Usaha Aung San Suu Kyi dalam menciptakan demokrasi di Myanmar ternyata mendapat perlawanan yang cukup besar dari junta militer yang dipimpin oleh seorang diktator, Jenderal Tan Shwe. Jenderal Tan Shwe melakukan perlawanan karena dia khawatir bahwa kekuasaan Myanmar kelak akan jatuh ke tangan Suu Kyi. Bentuk perlawanan yang diberikan Tan Shwe berupa larangan berkampanye hingga suatu ketika Aung San Suu Kyi mengalami nasib yang serupa seperti ayahnya yaitu dihadapkan dengan senapan dikeningnya. Tokoh Aung San Suu Kyi yang diperankan oleh Michelle Yeoh dalam film the Lady ini memang memiliki sifat pantang menyerah dan keras kepala, dan hal inilah yang membuat tentara militer pada saat itu merasa tidak tega untuk menembak mati Suu Kyi.

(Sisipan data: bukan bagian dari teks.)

lemma extension_value_dominated:
  fixes d x0 :: "'e::real_normed_vector"
  assumes "z \<le> norm d"
    and lower: "\<And>r. r * z - norm (r *\<^sub>R d - x0) \<le> c"
    and upper: "\<And>r. c \<le> norm (r *\<^sub>R d + x0) - r * z"
  shows "z + t * c \<le> norm (d + t *\<^sub>R x0)"
proof (cases t "0::real" rule: linorder_cases)
  case less
  have "(- t) * norm ((- 1 / t) *\<^sub>R d - x0) = norm ((- t) *\<^sub>R ((- 1 / t) *\<^sub>R d - x0))"
    using less by simp
  also have "(- t) *\<^sub>R ((- 1 / t) *\<^sub>R d - x0) = d + t *\<^sub>R x0"
    using less by (simp add: algebra_simps)
  finally have "(- t) * ((- 1 / t) * z - norm ((- 1 / t) *\<^sub>R d - x0)) = z - norm (d + t *\<^sub>R x0)"
    using less by (simp add: algebra_simps)
  moreover have "(- t) * ((- 1 / t) * z - norm ((- 1 / t) *\<^sub>R d - x0)) \<le> (- t) * c"
    by (rule mult_left_mono[OF lower]) (use less in simp)
  ultimately show ?thesis by simp
next
  case greater
  have "t * norm ((1 / t) *\<^sub>R d + x0) = norm (t *\<^sub>R ((1 / t) *\<^sub>R d + x0))"
    using greater by simp
  also have "t *\<^sub>R ((1 / t) *\<^sub>R d + x0) = d + t *\<^sub>R x0"
    using greater by (simp add: algebra_simps)
  finally have "t * (norm ((1 / t) *\<^sub>R d + x0) - (1 / t) * z) = norm (d + t *\<^sub>R x0) - z"
    using greater by (simp add: algebra_simps)
  moreover have "t * c \<le> t * (norm ((1 / t) *\<^sub>R d + x0) - (1 / t) * z)"
    by (rule mult_left_mono[OF upper]) (use greater in simp)
  ultimately show ?thesis by simp
qed (use assms(1) in simp)

lemma norming_partial_functional_coefficient_unique:
  assumes G: "norming_partial_functional v G" and x0: "\<nexists>y. (x0, y) \<in> G"
    and in_G: "(d1, z1) \<in> G" "(d2, z2) \<in> G" and eq: "d1 + t1 *\<^sub>R x0 = d2 + t2 *\<^sub>R x0"
  shows "t1 = t2"
proof (rule ccontr)
  assume "t1 \<noteq> t2"
  have add: "\<And>x y x' y'. (x, y) \<in> G \<Longrightarrow> (x', y') \<in> G \<Longrightarrow> (x + x', y + y') \<in> G"
    and scale: "\<And>c x y. (x, y) \<in> G \<Longrightarrow> (c *\<^sub>R x, c * y) \<in> G"
    using G unfolding norming_partial_functional_def by blast+
  have "((1 / (t1 - t2)) *\<^sub>R (d2 + (- 1) *\<^sub>R d1), (1 / (t1 - t2)) * (z2 + (- 1) * z1)) \<in> G"
    by (intro scale add in_G)
  moreover have "d2 + (- 1) *\<^sub>R d1 = (t1 - t2) *\<^sub>R x0"
    using eq by (simp add: algebra_simps)
  then have "(1 / (t1 - t2)) *\<^sub>R (d2 + (- 1) *\<^sub>R d1) = x0"
    using \<open>t1 \<noteq> t2\<close> by simp
  ultimately show False using x0 by auto
qed

lemma norming_partial_functional_extend_graph:
  assumes G: "norming_partial_functional v G" and x0: "\<nexists>y. (x0, y) \<in> G"
    and lower: "\<And>x y. (x, y) \<in> G \<Longrightarrow> y - norm (x - x0) \<le> c"
    and upper: "\<And>x y. (x, y) \<in> G \<Longrightarrow> c \<le> norm (x + x0) - y"
  shows "norming_partial_functional v {(d + t *\<^sub>R x0, z + t * c) | d z t. (d, z) \<in> G}"
    (is "norming_partial_functional v ?G'")
proof -
  have unique: "\<And>x y y'. (x, y) \<in> G \<Longrightarrow> (x, y') \<in> G \<Longrightarrow> y = y'"
    and add: "\<And>x y x' y'. (x, y) \<in> G \<Longrightarrow> (x', y') \<in> G \<Longrightarrow> (x + x', y + y') \<in> G"
    and scale: "\<And>c x y. (x, y) \<in> G \<Longrightarrow> (c *\<^sub>R x, c * y) \<in> G"
    and bound: "\<And>x y. (x, y) \<in> G \<Longrightarrow> y \<le> norm x"
    and v: "(v, norm v) \<in> G"
    using G unfolding norming_partial_functional_def by blast+
  show ?thesis
    unfolding norming_partial_functional_def
  proof (intro conjI allI impI)
    fix x y y' assume "(x, y) \<in> ?G'" "(x, y') \<in> ?G'"
    then obtain d1 z1 t1 d2 z2 t2 where in_G: "(d1, z1) \<in> G" "(d2, z2) \<in> G"
      and x: "x = d1 + t1 *\<^sub>R x0" "x = d2 + t2 *\<^sub>R x0"
      and y: "y = z1 + t1 * c" "y' = z2 + t2 * c"
      by blast
    have "t1 = t2"
      using norming_partial_functional_coefficient_unique[OF G x0 in_G] x by simp
    with x have "d1 = d2" by simp
    with in_G have "z1 = z2" using unique by blast
    with y \<open>t1 = t2\<close> show "y = y'" by simp
  next
    fix x y x' y' assume "(x, y) \<in> ?G'" "(x', y') \<in> ?G'"
    then obtain d1 z1 t1 d2 z2 t2 where in_G: "(d1, z1) \<in> G" "(d2, z2) \<in> G"
      and "x = d1 + t1 *\<^sub>R x0" "y = z1 + t1 * c" "x' = d2 + t2 *\<^sub>R x0" "y' = z2 + t2 * c"
      by blast
    then have "(x + x', y + y') = ((d1 + d2) + (t1 + t2) *\<^sub>R x0, (z1 + z2) + (t1 + t2) * c)"
      by (simp add: algebra_simps)
    then show "(x + x', y + y') \<in> ?G'"
      using add[OF in_G] by blast
  next
    fix r x y assume "(x, y) \<in> ?G'"
    then obtain d z t where dz: "(d, z) \<in> G" and "x = d + t *\<^sub>R x0" "y = z + t * c"
      by blast
    then have "(r *\<^sub>R x, r * y) = (r *\<^sub>R d + (r * t) *\<^sub>R x0, r * z + (r * t) * c)"
      by (simp add: algebra_simps)
    then show "(r *\<^sub>R x, r * y) \<in> ?G'"
      using scale[OF dz] by blast
  next
    fix x y assume "(x, y) \<in> ?G'"
    then obtain d z t where dz: "(d, z) \<in> G" and "x = d + t *\<^sub>R x0" "y = z + t * c"
      by blast
    moreover have "z + t * c \<le> norm (d + t *\<^sub>R x0)"
      using bound[OF dz] lower[OF scale[OF dz]] upper[OF scale[OF dz]]
      by (intro extension_value_dominated) auto
    ultimately show "y \<le> norm x" by simp
  next
    have "(v, norm v) = (v + 0 *\<^sub>R x0, norm v + 0 * c)" by simp
    then show "(v, norm v) \<in> ?G'" using v by blast
  qed
qed

lemma norming_partial_functional_extend:
  assumes G: "norming_partial_functional v G" and x0: "\<nexists>y. (x0, y) \<in> G"
  shows "\<exists>G'. norming_partial_functional v G' \<and> G \<subset> G'"
proof -
  have add: "\<And>x y x' y'. (x, y) \<in> G \<Longrightarrow> (x', y') \<in> G \<Longrightarrow> (x + x', y + y') \<in> G"
    and bound: "\<And>x y. (x, y) \<in> G \<Longrightarrow> y \<le> norm x"
    and scale: "\<And>c x y. (x, y) \<in> G \<Longrightarrow> (c *\<^sub>R x, c * y) \<in> G"
    and v: "(v, norm v) \<in> G"
    using G unfolding norming_partial_functional_def by blast+
  have zero: "(0, 0) \<in> G" using scale[OF v, of 0] by simp
  \<comment> \<open>Every admissible value c for x0 lies between these two families of bounds.\<close>
  have separated: "y - norm (x - x0) \<le> norm (x' + x0) - y'" if "(x, y) \<in> G" "(x', y') \<in> G"
    for x y x' y'
  proof -
    have "y + y' \<le> norm ((x - x0) + (x' + x0))" using bound[OF add[OF that]] by simp
    also have "\<dots> \<le> norm (x - x0) + norm (x' + x0)" by (rule norm_triangle_ineq)
    finally show ?thesis by simp
  qed
  define c where "c = (SUP p\<in>G. snd p - norm (fst p - x0))"
  have bdd: "bdd_above ((\<lambda>p. snd p - norm (fst p - x0)) ` G)"
    unfolding bdd_above_def using separated[OF _ zero] by (intro exI[of _ "norm x0"]) auto
  have lower: "y - norm (x - x0) \<le> c" if "(x, y) \<in> G" for x y
    unfolding c_def using cSUP_upper[OF that bdd] by simp
  have upper: "c \<le> norm (x + x0) - y" if "(x, y) \<in> G" for x y
  proof -
    have "snd p - norm (fst p - x0) \<le> norm (x + x0) - y" if "p \<in> G" for p
      using separated[of "fst p" "snd p"] that \<open>(x, y) \<in> G\<close> by simp
    then show ?thesis unfolding c_def using zero by (intro cSUP_least) auto
  qed
  define G' where "G' = {(d + t *\<^sub>R x0, z + t * c) | d z t. (d, z) \<in> G}"
  have "norming_partial_functional v G'"
    unfolding G'_def using G x0 lower upper by (rule norming_partial_functional_extend_graph)
  moreover have "G \<subseteq> G'"
  proof (rule subrelI)
    fix d z assume "(d, z) \<in> G"
    moreover have "(d, z) = (d + 0 *\<^sub>R x0, z + 0 * c)" by simp
    ultimately show "(d, z) \<in> G'" unfolding G'_def by blast
  qed
  moreover have "(x0, c) \<in> G' - G"
  proof -
    have "(x0, c) = (0 + 1 *\<^sub>R x0, 0 + 1 * c)" by simp
    then show ?thesis unfolding G'_def using zero x0 by blast
  qed
  ultimately show ?thesis by blast
qed

theorem norming_functional_exists:
  fixes v :: "'e::real_normed_vector"
  shows "\<exists>l. bounded_linear l \<and> (\<forall>x. \<bar>l x\<bar> \<le> norm x) \<and> l v = norm v"
proof -
  have "\<exists>M\<in>{G. norming_partial_functional v G}. \<forall>G\<in>{G. norming_partial_functional v G}. M \<subseteq> G \<longrightarrow> G = M"
    by (rule subset_Zorn_nonempty)
      (use norming_partial_functional_line norming_partial_functional_Union_chain in blast)+
  then obtain M where M: "norming_partial_functional v M"
    and maximal: "\<And>G. norming_partial_functional v G \<Longrightarrow> M \<subseteq> G \<Longrightarrow> G = M"
    by blast
  have total: "\<exists>y. (x, y) \<in> M" for x
  proof (rule ccontr)
    assume "\<nexists>y. (x, y) \<in> M"
    then obtain G where "norming_partial_functional v G" "M \<subset> G"
      using norming_partial_functional_extend[OF M] by blast
    then show False using maximal[of G] by blast
  qed
  have unique: "\<And>x y y'. (x, y) \<in> M \<Longrightarrow> (x, y') \<in> M \<Longrightarrow> y = y'"
    and add: "\<And>x y x' y'. (x, y) \<in> M \<Longrightarrow> (x', y') \<in> M \<Longrightarrow> (x + x', y + y') \<in> M"
    and scale: "\<And>c x y. (x, y) \<in> M \<Longrightarrow> (c *\<^sub>R x, c * y) \<in> M"
    and bound: "\<And>x y. (x, y) \<in> M \<Longrightarrow> y \<le> norm x"
    and v: "(v, norm v) \<in> M"
    using M unfolding norming_partial_functional_def by blast+
  define l where "l x = (THE y. (x, y) \<in> M)" for x
  have graph: "(x, l x) \<in> M" for x
  proof -
    obtain y where y: "(x, y) \<in> M" using total by blast
    have "l x = y" unfolding l_def by (rule the_equality) (use y unique in blast)+
    then show ?thesis using y by simp
  qed
  have l_eq: "l x = y" if "(x, y) \<in> M" for x y
    using unique[OF graph that] .
  have l_add: "l (x + y) = l x + l y" for x y
    using l_eq[OF add[OF graph graph]] .
  have l_scale: "l (r *\<^sub>R x) = r * l x" for r x
    using l_eq[OF scale[OF graph]] .
  have l_bound: "\<bar>l x\<bar> \<le> norm x" for x
    using bound[OF graph, of x] bound[OF graph, of "- x"] l_scale[of "- 1" x] by simp
  have "bounded_linear l"
    by (rule bounded_linear_intro[where K = 1]) (use l_add l_scale l_bound in auto)
  then show ?thesis using l_bound l_eq[OF v] by blast
qed

section \<open>Isometric actions of the Heisenberg group\<close>

lemma subadditive_linear_growth:
  fixes d :: "real \<Rightarrow> real"
  assumes d0: "d 0 = 0" and subadd: "\<And>x y. d (x + y) \<le> d x + d y"
    and local_bound: "\<And>x. \<bar>x\<bar> \<le> \<delta> \<Longrightarrow> d x \<le> m" and "\<delta> > 0" and "m \<ge> 0"
  shows "d r \<le> m * (1 + \<bar>r\<bar> / \<delta>)"
proof -
  have mult: "d (real k * y) \<le> real k * d y" for k y
  proof (induction k)
    case (Suc k)
    have "d (real (Suc k) * y) \<le> d (real k * y) + d y"
      using subadd[of "real k * y" y] by (simp add: algebra_simps)
    with Suc show ?case by (simp add: algebra_simps)
  qed (simp add: d0)
  define n where "n = nat \<lceil>\<bar>r\<bar> / \<delta>\<rceil>"
  have n_ge: "\<bar>r\<bar> \<le> real n * \<delta>" and n_le: "real n \<le> \<bar>r\<bar> / \<delta> + 1"
    unfolding n_def using \<open>\<delta> > 0\<close> by (auto simp: pos_divide_le_eq[symmetric] of_nat_nat)
  show ?thesis
  proof (cases "n = 0")
    case True
    then show ?thesis using n_ge d0 \<open>m \<ge> 0\<close> by simp
  next
    case False
    have "\<bar>r / real n\<bar> \<le> \<delta>"
      using n_ge False by (simp add: divide_le_eq mult.commute)
    then have "d (r / real n) \<le> m" by (rule local_bound)
    moreover have "d r \<le> real n * d (r / real n)"
      using mult[of n "r / real n"] False by simp
    ultimately have "d r \<le> real n * m"
      by (meson mult_left_mono of_nat_0_le_iff order_trans)
    also have "\<dots> \<le> (\<bar>r\<bar> / \<delta> + 1) * m"
      using n_le \<open>m \<ge> 0\<close> by (rule mult_right_mono)
    finally show ?thesis by (simp add: algebra_simps)
  qed
qed

lemma hmul_XZY: "hmul (hmul (Xg s) (Zg u)) (Yg t) = (s, t, u + s * t)"
  by (simp add: hmul_def Xg_def Yg_def Zg_def)

lemma hmul_YZX: "hmul (hmul (Yg t) (Zg u)) (Xg s) = (s, t, u)"
  by (simp add: hmul_def Xg_def Yg_def Zg_def)

lemma hmul_Zg_right: "hmul (s, t, u) (Zg v) = (s, t, u + v)"
  by (simp add: hmul_def Zg_def)

lemma one_parameter_Xg: "hmul (Xg x) (Xg y) = Xg (x + y)" "Xg 0 = hone" "continuous_on UNIV Xg"
  unfolding hmul_def Xg_def hone_def by (auto intro!: continuous_intros)

lemma one_parameter_Yg: "hmul (Yg x) (Yg y) = Yg (x + y)" "Yg 0 = hone" "continuous_on UNIV Yg"
  unfolding hmul_def Yg_def hone_def by (auto intro!: continuous_intros)

lemma one_parameter_Zg: "hmul (Zg x) (Zg y) = Zg (x + y)" "Zg 0 = hone" "continuous_on UNIV Zg"
  unfolding hmul_def Zg_def hone_def by (auto intro!: continuous_intros)

locale heis_isometric_action =
  fixes \<alpha> :: "heis \<Rightarrow> 'e::real_normed_vector \<Rightarrow> 'e"
  assumes cont_affine_isometric: "cont_affine_isometric_action \<alpha>"
begin

lemma act_hone: "\<alpha> hone x = x"
  using cont_affine_isometric unfolding cont_affine_isometric_action_def by simp

lemma act_hmul: "\<alpha> (hmul g h) x = \<alpha> g (\<alpha> h x)"
  using cont_affine_isometric unfolding cont_affine_isometric_action_def by (metis comp_apply)

lemma norm_act_diff: "norm (\<alpha> g x - \<alpha> g y) = norm (x - y)"
  using cont_affine_isometric unfolding cont_affine_isometric_action_def by (metis dist_norm)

Kegigihan yang dimiliki Suu Kyi ternyata bukanlah hal yang sia-sia, terbukti dalam kemenangannya dalam Pemilu Myanmar pada tahun 1990. Namun hasil dari pemilu itu tidak pernah diakui oleh junta militer sehingga menempatkan Suu Kyi sebagai tahanan rumah selama 15 tahun. Selama 15 tahun Suu Kyi tidak diperbolehkan keluar rumah, bahkan untuk menemui pendukungnya pun dia hanya diperbolehkan melihatnya dengan memanjat pagar rumah. Keprihatinannya bertambah ketika dia dihadapkan pada kebebasan yang mengharuskan ia memilih antar keluarga ataukah negara. Pada saat itu Suu Kyi merasa sangat bingung dan akhirnya dia memilih untuk bertahan di Myanmar. Atas pilihannya tersebut, Suu Kyi tidak dapat bertemu dengan keluarganya. Bahkan saat suaminya meninggal karena kanker di rumah sakit di Oxford pun Suu Kyi tidak dapat hadir.

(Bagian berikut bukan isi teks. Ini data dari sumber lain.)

lemma supercomm_left_mult:
  assumes abc: "a \<in> I" "b \<in> I" "c \<in> I"
    and D: "\<And>k. k \<in> I \<Longrightarrow> supercomm a b D k d x = bracket D a b k d x"
  shows "supercomm a b (left_mult D) c d x = bracket (left_mult D) a b c d x"
proof -
  define y where "y k = scale (psign k) (D k d x)" for k
  have summand:
    "F a b (F c k (y k)) - scale (comm_sign a b c d) (F c k (scale (psign k) (D k d (F a b x))))
      = scale (comm_sign a b c k) (F c k (scale (psign k) (bracket D a b k d x)))
      + bracket F a b c k (y k)" if k: "k \<in> I" for k
  proof -
    have "F a b (y k) =
        scale (psign k) (scale (comm_sign a b k d) (D k d (F a b x)) + bracket D a b k d x)"
      using D[OF k] abc by (simp add: y_def F_scale supercomm_def diff_eq_eq add.commute)
    moreover have "F a b (F c k (y k)) =
        scale (comm_sign a b c k) (F c k (F a b (y k))) + bracket F a b c k (y k)"
      using supercomm_F[OF abc k] by (simp add: supercomm_def algebra_simps)
    ultimately show ?thesis
      using abc k by (simp add: F_add F_scale scale_right_distrib comm_sign_mult_left_commute
          mult.commute[of _ "psign k"])
  qed
  have "supercomm a b (left_mult D) c d x
      = (\<Sum>k\<in>I. scale (comm_sign a b c k) (F c k (scale (psign k) (bracket D a b k d x))))
      + (\<Sum>k\<in>I. bracket F a b c k (scale (psign k) (D k d x)))"
    using abc by (simp add: supercomm_def left_mult_def F_sum scale_sum_right summand
        sum_subtractf[symmetric] sum.distrib[symmetric] y_def[symmetric] cong: sum.cong)
  also have "\<dots> = bracket (left_mult D) a b c d x"
    unfolding sum_bracket_left[OF abc] sum_bracket_right[OF abc]
    using abc by (simp add: bracket_def comm_sign_psign comm_sign_psign_uminus Idx_nonzero)
  finally show ?thesis .
qed

lemma supercomm_Cop:
  assumes "a \<in> I" "b \<in> I" "c \<in> I" "d \<in> I"
  shows "supercomm a b (C (Suc n)) c d x = bracket (C (Suc n)) a b c d x"
  using assms(3)
proof (induction n arbitrary: c)
  case 0
  then show ?case using assms supercomm_F by (simp add: Cop_Suc_0)
next
  case (Suc n)
  then show ?case unfolding Cop_Suc_Suc using assms by (intro supercomm_left_mult) simp_all
qed

lemma sum_Idx_uminus: "sum g I = (\<Sum>k\<in>I. g (-k))"
  by (rule sum.reindex_bij_witness[of _ uminus uminus]) (auto simp: uminus_in_Idx)

text \<open>Over \<complex> a vector equal to its negative is zero.\<close>
lemma sum_Idx_odd_eq_0:
  fixes g :: "int \<Rightarrow> 'v"
  assumes "\<And>k. k \<in> I \<Longrightarrow> g (-k) = - g k"
  shows "sum g I = 0"
proof -
  have "sum g I = (\<Sum>k\<in>I. - g k)"
    by (subst sum_Idx_uminus) (simp add: assms)
  also have "\<dots> = - sum g I"
    by (rule sum_negf)
  finally have "sum g I = - sum g I" .
  then have "scale 2 (sum g I) = 0"
    by (metis add.right_inverse scale_left_distrib scale_one one_add_one)
  then have "scale (1/2) (scale 2 (sum g I)) = 0"
    by simp
  then show ?thesis by simp
qed

lemma Cop_uminus_uminus:
  assumes "a \<in> I" "b \<in> I"
  shows "C (Suc n) (-a) (-b) x = scale ((-1) ^ n) (C (Suc n) a b x)"
  using assms(1)
proof (induction n arbitrary: a x)
  case 0
  then show ?case using assms by (simp add: F_uminus_uminus)
next
  case (Suc n)
  have "C (Suc (Suc n)) (-a) (-b) x
      = (\<Sum>k\<in>I. F (-a) (-k) (scale (psign (-k)) (C (Suc n) (-k) (-b) x)))"
    by (subst sum_Idx_uminus) simp
  also have "\<dots> = (\<Sum>k\<in>I. scale ((-1) ^ Suc n) (F a k (scale (psign k) (C (Suc n) k b x))))"
    using Suc assms by (intro sum.cong)
      (simp_all add: F_uminus_uminus psign_uminus Idx_nonzero F_scale F_minus mult.commute)
  finally show ?case by (simp add: scale_sum_right)
qed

Film The Lady dibuat dalam durasi yang lebih panjang dari kebanyak film. Tapi adegan demi adegan yang disuguhkan Luc Besson selama 135 menit sama sekali tidak membosankan. Tidak ada scene yang tak berarti atau hanya membuang waktu saja. Bahkan beberapa babak membuat penonton semakin penasaran akan riwayat Suu Kyi. Terlebih teknik pengembilan gambar dari film yang rilis pada September 2011 di Toronto Film Festival ini yang dikemas secara apik dan penuh dengan makna yang tersirat yang membuat penonton terbawa dalam suasana perjuangan demokrasi Myanmar.